*Instructions for the task*:
Output every entry verbatim.

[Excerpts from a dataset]
= = = = =
lemma (in gr_module) ex_extension_by_cyclic:
  fixes se :: "'a \<Rightarrow> 'e::ab_group_add \<Rightarrow> 'e"
  assumes E: "gr_module Ag se Eg" and T: "graded_submodule sm Mg T" and h: "hom_on T sm Mg se Eg h"
    and compat: "\<And>a. sm a x \<in> T \<Longrightarrow> h (sm a x) = se a y"
  shows "\<exists>h'. \<forall>t\<in>T. \<forall>a. h' (t + sm a x) = h t + se a y"
proof -
  interpret E: gr_module Ag se Eg by fact
  have well_defined: "h t + se a y = h t' + se a' y"
    if "t \<in> T" "t' \<in> T" "t + sm a x = t' + sm a' x" for t t' a a'
  proof -
    have "sm (a - a') x = t' - t"
      using that(3) by (simp add: sm_diff_left algebra_simps)
    then have "h (t' - t) = se (a - a') y"
      using compat[of "a - a'"] gsub_diff[OF T that(2,1)] by simp
    moreover have "h (t' - t) = h t' - h t"
      by (rule hom_on_diff[OF h gsub_diff[OF T that(2,1)] that(1)])
    ultimately show ?thesis
      by (simp add: E.sm_diff_left algebra_simps)
  qed
  define h' where "h' z = (SOME w. \<exists>t a. t \<in> T \<and> z = t + sm a x \<and> w = h t + se a y)" for z
  have "h' (t + sm a x) = h t + se a y" if "t \<in> T" for t a
  proof -
    have "\<exists>t' a'. t' \<in> T \<and> t + sm a x = t' + sm a' x \<and> h' (t + sm a x) = h t' + se a' y"
      unfolding h'_def by (rule someI[of _ "h t + se a y"]) (use that in blast)
    then show ?thesis
      using well_defined[OF that] by auto
  qed
  then show ?thesis
    by blast
qed

lemma (in gr_module) hom_on_sum_cyclic:
  fixes se :: "'a \<Rightarrow> 'e::ab_group_add \<Rightarrow> 'e"
  assumes E: "gr_module Ag se Eg" and T: "graded_submodule sm Mg T" and h: "hom_on T sm Mg se Eg h"
    and x: "x \<in> Mg s" and y: "y \<in> Eg s"
    and h'_eq: "\<And>t a. t \<in> T \<Longrightarrow> h' (t + sm a x) = h t + se a y"
  shows "hom_on {t + c | t c. t \<in> T \<and> c \<in> range (\<lambda>a. sm a x)} sm Mg se Eg h'"
proof -
  interpret E: gr_module Ag se Eg by fact
  let ?T' = "{t + c | t c. t \<in> T \<and> c \<in> range (\<lambda>a. sm a x)}"
  have mem_T': "z \<in> ?T' \<longleftrightarrow> (\<exists>t a. t \<in> T \<and> z = t + sm a x)" for z
    by blast
  show "hom_on ?T' sm Mg se Eg h'"
    unfolding hom_on_def
  proof (intro conjI ballI allI)
    show "h' (z1 + z2) = h' z1 + h' z2" if z: "z1 \<in> ?T'" "z2 \<in> ?T'" for z1 z2
    proof -
      obtain t1 a1 t2 a2 where t: "t1 \<in> T" "t2 \<in> T" "z1 = t1 + sm a1 x" "z2 = t2 + sm a2 x"
        using z mem_T' by meson
      have "z1 + z2 = (t1 + t2) + sm (a1 + a2) x"
        using t(3,4) by (simp add: sm_add_left algebra_simps)
      then have "h' (z1 + z2) = h (t1 + t2) + se (a1 + a2) y"
        using h'_eq[OF gsub_add[OF T t(1,2)]] by simp
      also have "\<dots> = h' z1 + h' z2"
        using t h'_eq hom_on_add[OF h t(1,2)] by (simp add: E.sm_add_left algebra_simps)
      finally show ?thesis .
    qed
    show "h' (sm b z) = se b (h' z)" if z: "z \<in> ?T'" for b z
    proof -
      obtain t a where t: "t \<in> T" "z = t + sm a x"
        using z mem_T' by meson
      have "sm b z = sm b t + sm (b * a) x"
        using t(2) by (simp add: sm_add_right sm_mult)
      then have "h' (sm b z) = h (sm b t) + se (b * a) y"
        using h'_eq[OF gsub_sm[OF T t(1)]] by simp
      also have "\<dots> = se b (h' z)"
        using t h'_eq hom_on_sm[OF h t(1)] by (simp add: E.sm_add_right E.sm_mult)
      finally show ?thesis .
    qed
    show "h' ` (?T' \<inter> Mg n) \<subseteq> Eg n" for n
    proof
      fix w assume "w \<in> h' ` (?T' \<inter> Mg n)"
      then obtain t a where t: "t \<in> T" "t + sm a x \<in> Mg n" and w: "w = h' (t + sm a x)"
        using mem_T' by auto
      let ?a = "component (Agz Ag) a (n - s)"
      have "t + sm a x = component Mg t n + sm ?a x"
        using component_homogeneous[OF t(2), of n] by (simp add: component_add component_sm[OF x])
      then have "w = h (component Mg t n) + se ?a y"
        using w h'_eq[OF gsub_component[OF T t(1)]] by simp
      moreover have "h (component Mg t n) \<in> Eg n"
        using hom_on_in[OF h gsub_component[OF T t(1)] component_in] .
      moreover have "se ?a y \<in> Eg n"
        using E.sm_in_Mg[OF A.component_in y, of a "n - s"] by simp
      ultimately show "w \<in> Eg n"
        using add_subgroup_add[OF E.subgroup] by simp
    qed
  qed
qed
= = = = =
*Problem solution*:
lemma (in gr_module) ex_extension_by_cyclic:
  fixes se :: "'a \<Rightarrow> 'e::ab_group_add \<Rightarrow> 'e"
  assumes E: "gr_module Ag se Eg" and T: "graded_submodule sm Mg T" and h: "hom_on T sm Mg se Eg h"
    and compat: "\<And>a. sm a x \<in> T \<Longrightarrow> h (sm a x) = se a y"
  shows "\<exists>h'. \<forall>t\<in>T. \<forall>a. h' (t + sm a x) = h t + se a y"
proof -
  interpret E: gr_module Ag se Eg by fact
  have well_defined: "h t + se a y = h t' + se a' y"
    if "t \<in> T" "t' \<in> T" "t + sm a x = t' + sm a' x" for t t' a a'
  proof -
    have "sm (a - a') x = t' - t"
      using that(3) by (simp add: sm_diff_left algebra_simps)
    then have "h (t' - t) = se (a - a') y"
      using compat[of "a - a'"] gsub_diff[OF T that(2,1)] by simp
    moreover have "h (t' - t) = h t' - h t"
      by (rule hom_on_diff[OF h gsub_diff[OF T that(2,1)] that(1)])
    ultimately show ?thesis
      by (simp add: E.sm_diff_left algebra_simps)
  qed
  define h' where "h' z = (SOME w. \<exists>t a. t \<in> T \<and> z = t + sm a x \<and> w = h t + se a y)" for z
  have "h' (t + sm a x) = h t + se a y" if "t \<in> T" for t a
  proof -
    have "\<exists>t' a'. t' \<in> T \<and> t + sm a x = t' + sm a' x \<and> h' (t + sm a x) = h t' + se a' y"
      unfolding h'_def by (rule someI[of _ "h t + se a y"]) (use that in blast)
    then show ?thesis
      using well_defined[OF that] by auto
  qed
  then show ?thesis
    by blast
qed

lemma (in gr_module) hom_on_sum_cyclic:
  fixes se :: "'a \<Rightarrow> 'e::ab_group_add \<Rightarrow> 'e"
  assumes E: "gr_module Ag se Eg" and T: "graded_submodule sm Mg T" and h: "hom_on T sm Mg se Eg h"
    and x: "x \<in> Mg s" and y: "y \<in> Eg s"
    and h'_eq: "\<And>t a. t \<in> T \<Longrightarrow> h' (t + sm a x) = h t + se a y"
  shows "hom_on {t + c | t c. t \<in> T \<and> c \<in> range (\<lambda>a. sm a x)} sm Mg se Eg h'"
proof -
  interpret E: gr_module Ag se Eg by fact
  let ?T' = "{t + c | t c. t \<in> T \<and> c \<in> range (\<lambda>a. sm a x)}"
  have mem_T': "z \<in> ?T' \<longleftrightarrow> (\<exists>t a. t \<in> T \<and> z = t + sm a x)" for z
    by blast
  show "hom_on ?T' sm Mg se Eg h'"
    unfolding hom_on_def
  proof (intro conjI ballI allI)
    show "h' (z1 + z2) = h' z1 + h' z2" if z: "z1 \<in> ?T'" "z2 \<in> ?T'" for z1 z2
    proof -
      obtain t1 a1 t2 a2 where t: "t1 \<in> T" "t2 \<in> T" "z1 = t1 + sm a1 x" "z2 = t2 + sm a2 x"
        using z mem_T' by meson
      have "z1 + z2 = (t1 + t2) + sm (a1 + a2) x"
        using t(3,4) by (simp add: sm_add_left algebra_simps)
      then have "h' (z1 + z2) = h (t1 + t2) + se (a1 + a2) y"
        using h'_eq[OF gsub_add[OF T t(1,2)]] by simp
      also have "\<dots> = h' z1 + h' z2"
        using t h'_eq hom_on_add[OF h t(1,2)] by (simp add: E.sm_add_left algebra_simps)
      finally show ?thesis .
    qed
    show "h' (sm b z) = se b (h' z)" if z: "z \<in> ?T'" for b z
    proof -
      obtain t a where t: "t \<in> T" "z = t + sm a x"
        using z mem_T' by meson
      have "sm b z = sm b t + sm (b * a) x"
        using t(2) by (simp add: sm_add_right sm_mult)
      then have "h' (sm b z) = h (sm b t) + se (b * a) y"
        using h'_eq[OF gsub_sm[OF T t(1)]] by simp
      also have "\<dots> = se b (h' z)"
        using t h'_eq hom_on_sm[OF h t(1)] by (simp add: E.sm_add_right E.sm_mult)
      finally show ?thesis .
    qed
    show "h' ` (?T' \<inter> Mg n) \<subseteq> Eg n" for n
    proof
      fix w assume "w \<in> h' ` (?T' \<inter> Mg n)"
      then obtain t a where t: "t \<in> T" "t + sm a x \<in> Mg n" and w: "w = h' (t + sm a x)"
        using mem_T' by auto
      let ?a = "component (Agz Ag) a (n - s)"
      have "t + sm a x = component Mg t n + sm ?a x"
        using component_homogeneous[OF t(2), of n] by (simp add: component_add component_sm[OF x])
      then have "w = h (component Mg t n) + se ?a y"
        using w h'_eq[OF gsub_component[OF T t(1)]] by simp
      moreover have "h (component Mg t n) \<in> Eg n"
        using hom_on_in[OF h gsub_component[OF T t(1)] component_in] .
      moreover have "se ?a y \<in> Eg n"
        using E.sm_in_Mg[OF A.component_in y, of a "n - s"] by simp
      ultimately show "w \<in> Eg n"
        using add_subgroup_add[OF E.subgroup] by simp
    qed
  qed
qed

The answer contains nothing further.